According to Wang He’s observations, no country in the world has successfully recovered from low fertility rates once they have fallen, at most maintaining their current levels. “The stimulus measures provided by the CCP are too weak, and many local governments find it difficult to even fulfill subsidies due to financial difficulties.”
A report by Dezan Shira and Associates in the June issue of “China Briefing” highlighted that China is the world’s second-largest population country, but experienced a decline for the first time in sixty years in 2022, marking the beginning of a long-term demographic decline with far-reaching effects on the economy and business environment.
The report mentioned that among numerous social and economic challenges, population aging and labor force shrinkage pose particularly worrisome long-term impacts. Long-term risks are significantly on the rise.
According to official statistical yearbooks, in 2024, the working-age population in China (ages 16 to 59) accounted for only 60.9%, totaling 858 million people, against 310 million elderly populations.
Wang He analyzed, “China’s aging population and declining birth rates have led to insufficient consumption power; on the other hand, the shrinking labor force and fewer young people have caused a decline in the entire society’s innovation vitality, inadequate supply-side momentum, which is a huge negative factor for the Chinese economy.”
He further stated that China’s “pay-as-you-go” pension system is difficult to sustain. “The number of contributors is decreasing while the number of pension recipients is increasing, resulting in long-term deficits that can only be sustained by massive state subsidies. With the economic downturn and declining fiscal revenues, the gap between income and expenditure is growing, raising concerns about the sustainability of the pension system.”
Data released by the World Bank in November showed that in 2020, China’s pension assets accounted for only 2.2% of GDP, ranking 68th out of 78 countries globally, well below the global average of 29.44%. Additionally, an OECD report indicated that China’s public pension spending accounts for about 7.7% of GDP, with a huge disparity between assets and expenditure, reflecting underlying systemic crisis.
To address the aging population, Beijing authorities have gradually increased the legal retirement age starting from 2025 – the retirement age for men has been raised from 60 to 63, while female managerial and technical workers will retire between the ages of 55 and 58. According to the newly revised retirement age, one 65-year-old in China currently corresponds to five labor force individuals aged 20 to 64, which will decrease to 1.9 individuals by 2040 and further drop to 1.5 by 2050.
Wang He believes that the root cause of the current crisis lies in the CCP’s family planning policy. “This is not a natural evolution but the result of the Communist Party’s erroneous policies that have caused this devastation.
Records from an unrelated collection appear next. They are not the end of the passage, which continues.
lemma integral_cycle_weight_transpose_comp:
  assumes s': "s' permutes {..<n}" and "p < n"
  shows "integral\<^sup>L (haar_pow {..<Suc n}) (cycle_weight G f (Suc n) (Transposition.transpose p n \<circ> s')) =
    integral\<^sup>L (haar_pow {..<n}) (cycle_weight G f n s')"
proof -
  let ?W = "cycle_weight G f n s'"
  have proj: "continuous_map (top_pow {..<Suc n}) T (\<lambda>x. x i)" if "i < Suc n" for i
    using that by (intro continuous_map_product_projection) auto
  have "continuous_map (top_pow {..<Suc n}) T (\<lambda>x. (x(p := x p \<otimes> x n)) j)" if "j < n" for j
    using that \<open>p < n\<close> by (cases "j = p") (simp_all add: proj continuous_map_mult)
  then have "continuous_map (top_pow {..<Suc n}) euclideanreal (\<lambda>x. ?W (x(p := x p \<otimes> x n)))"
    by (rule continuous_map_cycle_weight[OF f_continuous s'])
  then have "integral\<^sup>L (haar_pow {..<Suc n}) (\<lambda>x. ?W (x(p := x p \<otimes> x n))) =
      integral\<^sup>L (haar_pow {..<Suc n}) ?W"
    using \<open>p < n\<close> continuous_map_cycle_weight_haar_pow[OF f_continuous s']
    by (intro integral_haar_pow_right_translate_coordinate) auto
  also have "\<dots> = integral\<^sup>L (haar_pow {..<n}) ?W"
    unfolding lessThan_Suc using continuous_map_cycle_weight_haar_pow[OF f_continuous s']
    by (intro integral_haar_pow_insert_irrelevant cycle_weight_cong[OF s']) auto
  finally show ?thesis
    using cycle_weight_transpose_comp[OF f_central s' \<open>p < n\<close>]
    by (simp add: haar_pow_carrier Pi_iff cong: Bochner_Integration.integral_cong)
qed

theorem sum_integral_cycle_weight:
  "(\<Sum>s | s permutes {..<n}. integral\<^sup>L (haar_pow {..<n}) (cycle_weight G f n s)) =
    pochhammer (\<integral>x. f x \<partial>\<mu>) n"
proof (induction n)
  case 0
  interpret prob_space "haar_pow {}" by (rule prob_space_haar_pow)
  show ?case by (simp add: cycle_weight_def perm_cycles_def prob_space)
next
  case (Suc n)
  let ?I = "\<integral>x. f x \<partial>\<mu>"
  let ?w = "\<lambda>m s. integral\<^sup>L (haar_pow {..<m}) (cycle_weight G f m s)"
  have split: "(\<Sum>p\<le>n. ?w (Suc n) (Transposition.transpose p n \<circ> s')) = (?I + n) * ?w n s'"
    if s': "s' permutes {..<n}" for s'
  proof -
    have "(\<Sum>p\<le>n. ?w (Suc n) (Transposition.transpose p n \<circ> s')) =
        ?w (Suc n) s' + (\<Sum>p<n. ?w (Suc n) (Transposition.transpose p n \<circ> s'))"
      by (simp add: lessThan_Suc_atMost[symmetric] lessThan_Suc)
    also have "\<dots> = ?I * ?w n s' + n * ?w n s'"
      using integral_cycle_weight_fixed_point[OF s'] integral_cycle_weight_transpose_comp[OF s']
      by simp
    finally show ?thesis by (simp add: algebra_simps)
  qed
  have "(\<Sum>s | s permutes {..<Suc n}. ?w (Suc n) s) =
      (\<Sum>(s', p) \<in> {s. s permutes {..<n}} \<times> {..n}. ?w (Suc n) (Transposition.transpose p n \<circ> s'))"
    by (rule sum.reindex_bij_betw[OF bij_betw_transpose_comp_permutes, symmetric, THEN trans])
      (simp add: case_prod_beta')
  also have "\<dots> = (\<Sum>s' | s' permutes {..<n}. (?I + n) * ?w n s')"
    by (simp add: sum.cartesian_product[symmetric] split)
  also have "\<dots> = pochhammer ?I (Suc n)"
    using Suc by (simp add: sum_distrib_left[symmetric] pochhammer_Suc mult.commute)
  finally show ?case .
qed

end

lemma integral_wreath_measure:
  fixes F :: "(nat \<Rightarrow> 'a) \<times> (nat \<Rightarrow> nat) \<Rightarrow> real"
  assumes "\<And>s. s permutes {..<n} \<Longrightarrow> continuous_map (top_pow {..<n}) euclideanreal (\<lambda>g. F (g, s))"
  shows "(\<integral>x. F x \<partial>wreath_measure n \<mu>) =
    (\<Sum>s | s permutes {..<n}. \<integral>g. F (g, s) \<partial>haar_pow {..<n}) / fact n"
proof -
  have "finite {s. s permutes {..<n}}" "{s. s permutes {..<n}} \<noteq> {}"
    by (auto simp: finite_permutations intro: permutes_id)
  then have "(\<integral>(g, s). F (g, s) \<partial>wreath_measure n \<mu>) =
      (\<Sum>s | s permutes {..<n}. \<integral>g. F (g, s) \<partial>haar_pow {..<n}) / card {s. s permutes {..<n}}"
    unfolding wreath_measure_def using assms
    by (intro integral_pair_uniform_count_measure prob_space_imp_sigma_finite prob_space_haar_pow
        integrable_haar_pow) auto
  then show ?thesis by (simp add: card_permutations)
qed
This is one of the greatest sins of the Communist Party.”
He pointed out that China is now facing the dilemma of being “old before becoming rich”. “When Japan entered an aging society, it was already affluent with a per capita income of tens of thousands of dollars; China currently only has slightly over ten thousand dollars, with an immature economic structure but carrying a huge burden of pensions and medical care.”
He warned that continued aging will lead to a shrinking school-age population, a tightening job market, weakened innovation capabilities, while socialized silver economy and medical care industries remain significantly underdeveloped. “The technical adjustments such as delaying retirement age undertaken by the CCP are only short-term solutions and fail to address the root cause.”
In conclusion, Wang He stated, “The CCP’s population policy has long gone against the natural order and the entire country is now bearing the consequences it has caused. This demographic crisis will profoundly threaten China’s economic destiny and national future in the coming decades.”